I've got the same error, tried it on spark local and works flawlessly so I'm guessing is an error on how databricks manage tmps. Has anybody found a workaround?

nonsignificantp commented 4 years ago

An update from the previous message: this just have work for me:

 val df = spark.read.format("com.springml.spark.sftp")
  .option("host", "HOST")
  .option("username", "USER")
  .option("password", "PASS")
  .option("tempLocation", "/dbfs/tmp/")
  .option("hdfsTempLocation", "/dbfs/dbfs/tmp/")
  .option("fileType", "csv")
  .option("createDF", "true")
  .load(FILEPATH")

Using Apache Spark 2.4.3, Scala 2.11 and com.springml:spark-sftp_2.11:1.1.3 on Azure Databricks

EDIT: Ok, after many hours trying different solutions and reading the source code and tracebacks I found out this trick to be a solution for now. before using it make sure to create dbfs:/dbfs/tmp using:

dbutils.fs.mkdirs("dbfs:/dbfs/tmp/")

Main problem seems to be how databricks manages tmp, by creating a folder called /dbfs/ you patch the issue, but have in mind that this IS NOT a real tmp folder, so you probably should delete the content manually using dbutils at the end of the application.

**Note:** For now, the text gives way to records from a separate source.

lemma normalized_affine_frame_near:
  fixes F D :: "'m::finite \<Rightarrow> 'a^'n" and t :: real
  defines "\<rho> \<equiv> \<bar>t\<bar> * norm (frame_cross_op F D) + t^2 * norm (frame_op D)"
  assumes parseval_F: "parseval F" and \<rho>_small: "\<rho> < 1/2"
  obtains G' where "parseval G'"
    and "injective_frame (\<lambda>k. F k + t *\<^sub>R D k) \<Longrightarrow> injective_frame G'"
    and "\<And>k. norm (F k - G' k) \<le> \<bar>t\<bar> * norm (D k) + \<rho> / (1 - \<rho>) * (norm (F k) + \<bar>t\<bar> * norm (D k))"
proof -
  define G where "G = (\<lambda>k. F k + t *\<^sub>R D k)"
  define E where "E = frame_op G - mat 1"
  have S: "frame_op G = mat 1 + E" by (simp add: E_def)
  have "norm E \<le> \<rho>"
    using norm_triangle_ineq[of "t *\<^sub>R frame_cross_op F D" "t^2 *\<^sub>R frame_op D"] parseval_F
    by (simp add: E_def G_def \<rho>_def frame_op_affine parseval_iff_frame_op)
  moreover have "0 \<le> \<rho>" by (simp add: \<rho>_def)
  ultimately have norm_E: "norm E < 1" and ratio: "norm E / (1 - norm E) \<le> \<rho> / (1 - \<rho>)"
    using \<rho>_small by (auto intro: frac_le)
  define G' where "G' = (\<lambda>k. mat_isqrt E *v G k)"
  have "norm (F k - G' k) \<le> \<bar>t\<bar> * norm (D k) + \<rho> / (1 - \<rho>) * (norm (F k) + \<bar>t\<bar> * norm (D k))" for k
  proof -
    have "norm (G' k - G k) \<le> norm E / (1 - norm E) * norm (G k)"
      unfolding G'_def by (rule parseval_normalization(3)[OF S norm_E])
    also have "\<dots> \<le> \<rho> / (1 - \<rho>) * (norm (F k) + \<bar>t\<bar> * norm (D k))"
      using ratio norm_E \<open>0 \<le> \<rho>\<close> \<rho>_small norm_triangle_ineq[of "F k" "t *\<^sub>R D k"]
      by (intro mult_mono) (simp_all add: G_def)
    finally have "norm (G' k - G k) \<le> \<rho> / (1 - \<rho>) * (norm (F k) + \<bar>t\<bar> * norm (D k))" .
    moreover have "norm (F k - G' k) \<le> norm (G' k - G k) + norm (t *\<^sub>R D k)"
      using norm_triangle_ineq4[of "- (G' k - G k)" "t *\<^sub>R D k"] by (simp add: G_def norm_minus_commute)
    ultimately show ?thesis by simp
  qed
  moreover have "parseval G'" and "injective_frame G \<Longrightarrow> injective_frame G'"
    using parseval_normalization(1,2)[OF S norm_E] by (simp_all add: G'_def)
  ultimately show ?thesis using that by (simp add: G_def)
qed

lemma parseval_injective_approx:
  fixes F H :: "'m::finite \<Rightarrow> 'a^'n" and L :: "('m \<Rightarrow> 'a^'n) \<Rightarrow> 'a^'A::finite^'B::finite"
  assumes L_inj: "\<And>G. injective_frame G \<longleftrightarrow> inj ((*v) (L G))"
    and L_poly: "\<And>b a. real_poly_fun (\<lambda>t. L (\<lambda>k. F k + t *\<^sub>R (H k - F k)) $ b $ a)"
    and inj_H: "injective_frame H" and parseval_F: "parseval F" and "e > 0"
  shows "\<exists>G. parseval G \<and> injective_frame G \<and> frame_dist F G < e"
proof -
  define D where "D k = H k - F k" for k
  define \<rho> where "\<rho> t = \<bar>t\<bar> * norm (frame_cross_op F D) + t^2 * norm (frame_op D)" for t :: real
  define \<beta> where "\<beta> t k = \<bar>t\<bar> * norm (D k) + \<rho> t / (1 - \<rho> t) * (norm (F k) + \<bar>t\<bar> * norm (D k))"
    for t k
  have "finite {t. \<not> inj ((*v) (L (\<lambda>k. F k + t *\<^sub>R D k)))}"
    using L_poly inj_H by (intro finite_non_injective_params[where t\<^sub>0 = 1]) (auto simp: D_def L_inj)
  then have ev_inj: "\<forall>\<^sub>F t in at 0. injective_frame (\<lambda>k. F k + t *\<^sub>R D k)"
    using islimpt_finite islimpt_iff_eventually L_inj by fastforce
  have "(\<rho> \<longlongrightarrow> \<rho> 0) (at 0)" unfolding \<rho>_def by (intro tendsto_intros)
  then have ev_\<rho>: "\<forall>\<^sub>F t in at 0. \<rho> t < 1/2"
    by (rule order_tendstoD(2)) (simp add: \<rho>_def)
  have "((\<lambda>t. sqrt (\<Sum>k\<in>UNIV. (\<beta> t k)^2)) \<longlongrightarrow> sqrt (\<Sum>k\<in>UNIV. (\<beta> 0 k)^2)) (at 0)"
    unfolding \<beta>_def \<rho>_def by (intro tendsto_intros) simp_all
  then have ev_\<beta>: "\<forall>\<^sub>F t in at 0. sqrt (\<Sum>k\<in>UNIV. (\<beta> t k)^2) < e"
    by (rule order_tendstoD(2)) (simp add: \<beta>_def \<rho>_def \<open>e > 0\<close>)
  obtain t where inj_t: "injective_frame (\<lambda>k. F k + t *\<^sub>R D k)" and \<rho>_t: "\<rho> t < 1/2"
    and \<beta>_t: "sqrt (\<Sum>k\<in>UNIV. (\<beta> t k)^2) < e"
    using eventually_happens'[OF at_neq_bot eventually_conj[OF ev_inj eventually_conj[OF ev_\<rho> ev_\<beta>]]]
    by auto
  obtain G' where "parseval G'" "injective_frame G'" "\<And>k. norm (F k - G' k) \<le> \<beta> t k"
  proof (rule normalized_affine_frame_near[OF parseval_F, of t D])
    show "\<bar>t\<bar> * norm (frame_cross_op F D) + t^2 * norm (frame_op D) < 1/2"
      using \<rho>_t by (simp add: \<rho>_def)
  qed (use inj_t in \<open>auto intro!: that simp: \<beta>_def \<rho>_def\<close>)
  moreover have "frame_dist F G' < e"
    using \<beta>_t frame_dist_le calculation(3) order_le_less_trans by blast
  ultimately show ?thesis by blast
qed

eyalshafran commented 4 years ago

@nonsignificantp - I created a tmp folder and modified my code as you suggested (just with write instead of read) and I still got an error.

My code:

data.write.
      format("com.springml.spark.sftp").
      option("host", HOST).
      option("username", USER).
      option("pem", PEM_PATH).
      option("tempLocation", "/dbfs/tmp/").
      option("hdfsTempLocation", "/dbfs/dbfs/tmp/").
      option("fileType", "csv").
      option("createDF", "true").
      save("test.csv")

EDIT: I'm using Apache Spark 2.4.5, Scala 2.11, com.springml:spark-sftp_2.11:1.1.5 on AWS Databricks

alexandrugrigore commented 4 years ago

I had the same problem with a custom library, but using the same sftp used here com.jcraft.jsch. The problem is that on the executors, the static block in com.jcraft.jsch.JSch is not initialized correctly, so the static java.util.Hashtable config=new java.util.Hashtable(); needs to be populated on each executor. On top of that, the classes needed by some encryption algorithms are not available on executors, so the jar needs to be passed to spark-submit using --jars and --conf spark.executor.extraClassPath=

ezra-at-lumedic commented 3 years ago

Hi @alexandrugrigore could you share further details. I'm getting the same error and think it has the same cause : missing encryption algorithms on the spark nodes. Tried the temp location fixes suggested by @nonsignificantp but that didn't resolve the issue. Thx!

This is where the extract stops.